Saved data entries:

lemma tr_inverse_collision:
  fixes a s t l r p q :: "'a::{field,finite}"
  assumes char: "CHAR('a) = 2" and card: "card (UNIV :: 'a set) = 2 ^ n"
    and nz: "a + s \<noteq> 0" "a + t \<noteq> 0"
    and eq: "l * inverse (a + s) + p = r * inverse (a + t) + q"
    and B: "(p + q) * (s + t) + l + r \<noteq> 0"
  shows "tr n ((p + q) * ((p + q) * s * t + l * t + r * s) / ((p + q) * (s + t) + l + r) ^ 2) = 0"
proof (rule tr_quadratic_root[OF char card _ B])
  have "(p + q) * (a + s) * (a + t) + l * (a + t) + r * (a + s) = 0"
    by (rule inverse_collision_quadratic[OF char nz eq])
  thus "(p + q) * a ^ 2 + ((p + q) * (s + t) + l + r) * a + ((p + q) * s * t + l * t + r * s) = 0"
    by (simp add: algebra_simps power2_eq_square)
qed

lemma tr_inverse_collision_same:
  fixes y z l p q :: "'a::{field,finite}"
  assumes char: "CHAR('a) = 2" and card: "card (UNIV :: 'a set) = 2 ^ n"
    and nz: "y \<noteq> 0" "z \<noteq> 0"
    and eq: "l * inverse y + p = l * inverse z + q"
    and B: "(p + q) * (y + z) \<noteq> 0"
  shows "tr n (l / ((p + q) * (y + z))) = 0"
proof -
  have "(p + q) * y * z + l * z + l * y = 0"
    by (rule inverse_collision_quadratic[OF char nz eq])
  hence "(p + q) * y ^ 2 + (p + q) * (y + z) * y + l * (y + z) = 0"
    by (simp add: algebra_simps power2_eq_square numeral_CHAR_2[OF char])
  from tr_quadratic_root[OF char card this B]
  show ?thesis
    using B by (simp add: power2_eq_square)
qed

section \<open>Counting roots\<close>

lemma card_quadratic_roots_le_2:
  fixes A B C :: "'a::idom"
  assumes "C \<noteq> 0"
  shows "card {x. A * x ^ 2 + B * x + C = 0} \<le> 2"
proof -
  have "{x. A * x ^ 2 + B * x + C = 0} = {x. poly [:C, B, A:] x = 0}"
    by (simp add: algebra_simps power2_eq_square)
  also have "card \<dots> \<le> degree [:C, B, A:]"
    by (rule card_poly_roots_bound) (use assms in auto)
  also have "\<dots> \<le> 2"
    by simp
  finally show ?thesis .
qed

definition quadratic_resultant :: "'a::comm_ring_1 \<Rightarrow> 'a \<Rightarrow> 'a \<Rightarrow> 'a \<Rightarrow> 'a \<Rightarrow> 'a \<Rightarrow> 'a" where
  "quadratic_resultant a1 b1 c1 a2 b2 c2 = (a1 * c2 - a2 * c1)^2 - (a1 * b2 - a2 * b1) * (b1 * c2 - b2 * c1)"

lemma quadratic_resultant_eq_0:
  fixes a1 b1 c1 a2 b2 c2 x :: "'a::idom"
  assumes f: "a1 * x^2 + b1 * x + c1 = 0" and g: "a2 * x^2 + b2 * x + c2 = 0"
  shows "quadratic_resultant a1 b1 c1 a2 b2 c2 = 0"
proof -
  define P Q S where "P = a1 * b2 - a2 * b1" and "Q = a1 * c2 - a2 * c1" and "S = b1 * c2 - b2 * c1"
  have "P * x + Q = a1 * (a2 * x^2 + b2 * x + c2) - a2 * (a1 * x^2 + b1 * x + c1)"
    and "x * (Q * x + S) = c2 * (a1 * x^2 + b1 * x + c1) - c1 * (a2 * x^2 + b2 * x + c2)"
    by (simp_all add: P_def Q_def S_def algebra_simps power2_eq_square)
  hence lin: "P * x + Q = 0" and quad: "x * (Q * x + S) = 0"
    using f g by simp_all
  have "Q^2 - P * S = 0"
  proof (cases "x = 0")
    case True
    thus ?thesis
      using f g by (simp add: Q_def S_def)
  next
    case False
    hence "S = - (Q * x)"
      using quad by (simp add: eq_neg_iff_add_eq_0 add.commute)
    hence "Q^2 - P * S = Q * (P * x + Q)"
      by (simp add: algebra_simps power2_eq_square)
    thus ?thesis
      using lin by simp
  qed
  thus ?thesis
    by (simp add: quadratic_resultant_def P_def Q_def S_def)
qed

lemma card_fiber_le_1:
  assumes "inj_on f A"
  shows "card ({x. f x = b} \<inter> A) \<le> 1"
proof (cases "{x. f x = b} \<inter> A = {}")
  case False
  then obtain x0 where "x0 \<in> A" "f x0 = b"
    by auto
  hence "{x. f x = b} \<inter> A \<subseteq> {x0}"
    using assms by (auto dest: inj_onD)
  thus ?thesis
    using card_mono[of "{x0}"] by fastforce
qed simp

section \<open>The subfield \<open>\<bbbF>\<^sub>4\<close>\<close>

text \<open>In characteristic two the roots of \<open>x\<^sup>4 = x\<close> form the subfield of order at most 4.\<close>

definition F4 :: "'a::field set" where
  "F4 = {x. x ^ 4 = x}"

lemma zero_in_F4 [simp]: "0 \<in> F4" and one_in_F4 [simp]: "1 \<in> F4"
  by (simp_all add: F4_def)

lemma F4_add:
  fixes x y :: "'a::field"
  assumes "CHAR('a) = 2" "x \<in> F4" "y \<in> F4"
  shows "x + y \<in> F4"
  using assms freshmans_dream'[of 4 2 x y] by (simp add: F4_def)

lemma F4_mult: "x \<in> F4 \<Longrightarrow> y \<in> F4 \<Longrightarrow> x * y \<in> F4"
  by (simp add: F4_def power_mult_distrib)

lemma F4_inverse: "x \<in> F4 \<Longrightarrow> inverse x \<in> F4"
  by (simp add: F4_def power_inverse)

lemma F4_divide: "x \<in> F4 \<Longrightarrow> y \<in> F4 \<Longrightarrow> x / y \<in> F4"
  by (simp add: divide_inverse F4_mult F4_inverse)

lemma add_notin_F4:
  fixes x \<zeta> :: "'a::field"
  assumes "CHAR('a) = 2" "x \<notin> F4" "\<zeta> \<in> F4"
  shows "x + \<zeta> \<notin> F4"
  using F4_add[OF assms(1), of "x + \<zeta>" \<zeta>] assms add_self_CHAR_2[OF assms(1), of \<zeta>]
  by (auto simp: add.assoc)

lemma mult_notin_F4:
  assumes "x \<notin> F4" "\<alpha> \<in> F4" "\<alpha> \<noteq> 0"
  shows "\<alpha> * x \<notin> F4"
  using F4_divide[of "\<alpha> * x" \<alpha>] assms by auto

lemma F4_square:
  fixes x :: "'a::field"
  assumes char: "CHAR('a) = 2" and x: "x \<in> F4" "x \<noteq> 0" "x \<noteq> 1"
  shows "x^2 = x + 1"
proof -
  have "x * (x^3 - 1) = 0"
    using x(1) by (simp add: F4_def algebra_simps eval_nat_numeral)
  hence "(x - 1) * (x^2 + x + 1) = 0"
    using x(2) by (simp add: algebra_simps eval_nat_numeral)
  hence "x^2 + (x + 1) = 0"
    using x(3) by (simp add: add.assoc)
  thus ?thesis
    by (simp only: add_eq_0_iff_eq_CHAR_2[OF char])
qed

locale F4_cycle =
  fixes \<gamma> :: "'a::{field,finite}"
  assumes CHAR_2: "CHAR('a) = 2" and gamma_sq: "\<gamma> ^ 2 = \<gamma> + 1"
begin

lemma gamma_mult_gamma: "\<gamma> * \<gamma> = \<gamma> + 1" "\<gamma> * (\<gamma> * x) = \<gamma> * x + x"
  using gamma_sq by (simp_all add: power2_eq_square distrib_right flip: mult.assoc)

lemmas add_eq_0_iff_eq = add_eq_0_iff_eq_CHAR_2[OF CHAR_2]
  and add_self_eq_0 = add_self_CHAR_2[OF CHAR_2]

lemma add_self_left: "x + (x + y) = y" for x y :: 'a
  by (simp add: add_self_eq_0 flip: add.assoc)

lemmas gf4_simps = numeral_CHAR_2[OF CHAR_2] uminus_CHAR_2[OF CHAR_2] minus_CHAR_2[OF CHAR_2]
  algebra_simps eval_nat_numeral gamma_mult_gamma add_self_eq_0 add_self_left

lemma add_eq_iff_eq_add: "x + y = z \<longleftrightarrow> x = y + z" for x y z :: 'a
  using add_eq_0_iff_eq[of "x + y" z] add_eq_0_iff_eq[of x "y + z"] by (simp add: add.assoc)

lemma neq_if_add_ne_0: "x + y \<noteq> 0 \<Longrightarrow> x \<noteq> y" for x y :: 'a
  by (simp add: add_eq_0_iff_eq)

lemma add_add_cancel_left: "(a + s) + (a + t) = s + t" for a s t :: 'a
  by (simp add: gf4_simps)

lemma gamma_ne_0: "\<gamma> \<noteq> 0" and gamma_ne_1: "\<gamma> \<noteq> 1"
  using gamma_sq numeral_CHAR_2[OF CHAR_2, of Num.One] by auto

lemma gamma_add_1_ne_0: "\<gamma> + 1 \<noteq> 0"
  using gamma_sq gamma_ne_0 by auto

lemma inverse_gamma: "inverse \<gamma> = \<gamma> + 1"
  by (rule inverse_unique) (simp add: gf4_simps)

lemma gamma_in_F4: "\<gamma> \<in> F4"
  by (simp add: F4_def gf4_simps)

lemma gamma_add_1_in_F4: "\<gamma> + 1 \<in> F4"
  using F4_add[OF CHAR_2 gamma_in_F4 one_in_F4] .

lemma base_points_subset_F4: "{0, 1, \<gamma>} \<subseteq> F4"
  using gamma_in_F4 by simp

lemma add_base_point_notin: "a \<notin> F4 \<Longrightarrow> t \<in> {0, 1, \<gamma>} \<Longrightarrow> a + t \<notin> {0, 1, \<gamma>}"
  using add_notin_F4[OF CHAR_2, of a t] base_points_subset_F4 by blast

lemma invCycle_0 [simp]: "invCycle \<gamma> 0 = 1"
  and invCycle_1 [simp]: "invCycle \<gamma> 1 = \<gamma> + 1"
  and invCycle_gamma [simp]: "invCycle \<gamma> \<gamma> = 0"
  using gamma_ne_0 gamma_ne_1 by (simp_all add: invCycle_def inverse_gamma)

* * *

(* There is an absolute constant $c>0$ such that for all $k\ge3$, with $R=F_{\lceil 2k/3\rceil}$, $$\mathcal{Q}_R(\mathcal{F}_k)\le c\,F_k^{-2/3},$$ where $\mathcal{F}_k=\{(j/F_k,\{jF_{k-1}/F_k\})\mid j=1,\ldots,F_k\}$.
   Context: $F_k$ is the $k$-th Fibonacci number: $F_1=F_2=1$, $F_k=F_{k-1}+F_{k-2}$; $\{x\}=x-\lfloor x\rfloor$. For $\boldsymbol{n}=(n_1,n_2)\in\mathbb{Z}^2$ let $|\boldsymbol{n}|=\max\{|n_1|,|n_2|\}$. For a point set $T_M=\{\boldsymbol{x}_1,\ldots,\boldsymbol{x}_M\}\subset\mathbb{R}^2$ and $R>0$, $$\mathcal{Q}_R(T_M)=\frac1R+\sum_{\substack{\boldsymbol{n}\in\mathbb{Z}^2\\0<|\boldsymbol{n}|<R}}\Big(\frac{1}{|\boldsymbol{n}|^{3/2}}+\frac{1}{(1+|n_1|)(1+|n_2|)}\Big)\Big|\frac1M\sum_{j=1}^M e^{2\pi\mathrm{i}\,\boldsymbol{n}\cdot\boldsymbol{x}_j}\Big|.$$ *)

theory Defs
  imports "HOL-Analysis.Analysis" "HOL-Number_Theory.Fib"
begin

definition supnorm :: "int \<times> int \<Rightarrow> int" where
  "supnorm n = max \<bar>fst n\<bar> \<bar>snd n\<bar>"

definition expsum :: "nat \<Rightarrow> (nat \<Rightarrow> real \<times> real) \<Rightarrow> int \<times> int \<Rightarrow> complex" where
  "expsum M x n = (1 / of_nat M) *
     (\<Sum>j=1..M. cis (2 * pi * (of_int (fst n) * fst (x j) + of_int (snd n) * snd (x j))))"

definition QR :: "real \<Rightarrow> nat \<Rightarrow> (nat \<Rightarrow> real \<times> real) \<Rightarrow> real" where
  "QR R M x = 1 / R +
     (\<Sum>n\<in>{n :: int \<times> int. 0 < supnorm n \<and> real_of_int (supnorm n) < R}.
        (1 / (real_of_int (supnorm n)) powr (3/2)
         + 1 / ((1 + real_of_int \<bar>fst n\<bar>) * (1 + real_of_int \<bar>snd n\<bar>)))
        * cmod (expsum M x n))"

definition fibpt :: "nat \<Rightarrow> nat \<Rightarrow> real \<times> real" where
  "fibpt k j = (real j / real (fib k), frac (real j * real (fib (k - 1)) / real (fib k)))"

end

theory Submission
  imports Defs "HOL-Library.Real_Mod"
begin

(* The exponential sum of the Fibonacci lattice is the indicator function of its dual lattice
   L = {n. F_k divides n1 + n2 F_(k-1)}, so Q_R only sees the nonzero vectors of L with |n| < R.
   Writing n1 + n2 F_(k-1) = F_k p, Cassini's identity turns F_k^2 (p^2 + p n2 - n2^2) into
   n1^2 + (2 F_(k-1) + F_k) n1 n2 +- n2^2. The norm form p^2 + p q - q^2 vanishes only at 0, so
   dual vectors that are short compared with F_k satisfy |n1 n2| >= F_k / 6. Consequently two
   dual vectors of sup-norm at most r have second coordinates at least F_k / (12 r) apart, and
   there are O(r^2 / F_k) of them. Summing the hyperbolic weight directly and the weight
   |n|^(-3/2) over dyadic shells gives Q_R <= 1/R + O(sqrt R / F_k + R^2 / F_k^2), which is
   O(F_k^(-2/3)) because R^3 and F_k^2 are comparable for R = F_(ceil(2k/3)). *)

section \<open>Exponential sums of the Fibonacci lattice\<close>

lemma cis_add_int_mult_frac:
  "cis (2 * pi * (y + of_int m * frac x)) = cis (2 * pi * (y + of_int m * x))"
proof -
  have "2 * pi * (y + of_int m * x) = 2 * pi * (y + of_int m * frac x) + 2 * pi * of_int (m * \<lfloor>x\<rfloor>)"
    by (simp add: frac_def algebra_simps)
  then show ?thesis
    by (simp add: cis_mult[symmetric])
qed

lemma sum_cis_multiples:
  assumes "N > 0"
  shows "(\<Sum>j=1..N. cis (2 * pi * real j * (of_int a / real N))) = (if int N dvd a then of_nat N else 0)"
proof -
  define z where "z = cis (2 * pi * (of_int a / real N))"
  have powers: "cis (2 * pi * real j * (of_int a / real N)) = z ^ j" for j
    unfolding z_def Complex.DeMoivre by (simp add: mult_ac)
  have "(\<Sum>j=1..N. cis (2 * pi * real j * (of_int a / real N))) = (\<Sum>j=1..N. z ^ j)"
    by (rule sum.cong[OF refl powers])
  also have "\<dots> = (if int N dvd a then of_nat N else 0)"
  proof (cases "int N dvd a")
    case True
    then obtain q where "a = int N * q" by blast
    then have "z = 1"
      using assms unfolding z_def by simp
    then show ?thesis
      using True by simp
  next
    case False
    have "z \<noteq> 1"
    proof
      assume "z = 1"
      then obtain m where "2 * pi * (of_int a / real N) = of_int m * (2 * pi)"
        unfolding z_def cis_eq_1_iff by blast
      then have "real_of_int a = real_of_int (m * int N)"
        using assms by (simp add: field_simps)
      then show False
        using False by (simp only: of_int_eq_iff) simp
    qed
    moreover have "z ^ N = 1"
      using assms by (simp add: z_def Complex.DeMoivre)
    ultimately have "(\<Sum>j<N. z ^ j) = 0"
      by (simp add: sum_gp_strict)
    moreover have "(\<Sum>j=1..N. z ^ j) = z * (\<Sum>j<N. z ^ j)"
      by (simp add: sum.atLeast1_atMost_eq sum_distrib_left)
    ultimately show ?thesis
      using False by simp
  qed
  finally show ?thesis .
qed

TASK PROMPT: Return the lines above that include the string "powers".

RESPONSE:
  have powers: "cis (2 * pi * real j * (of_int a / real N)) = z ^ j" for j
    by (rule sum.cong[OF refl powers])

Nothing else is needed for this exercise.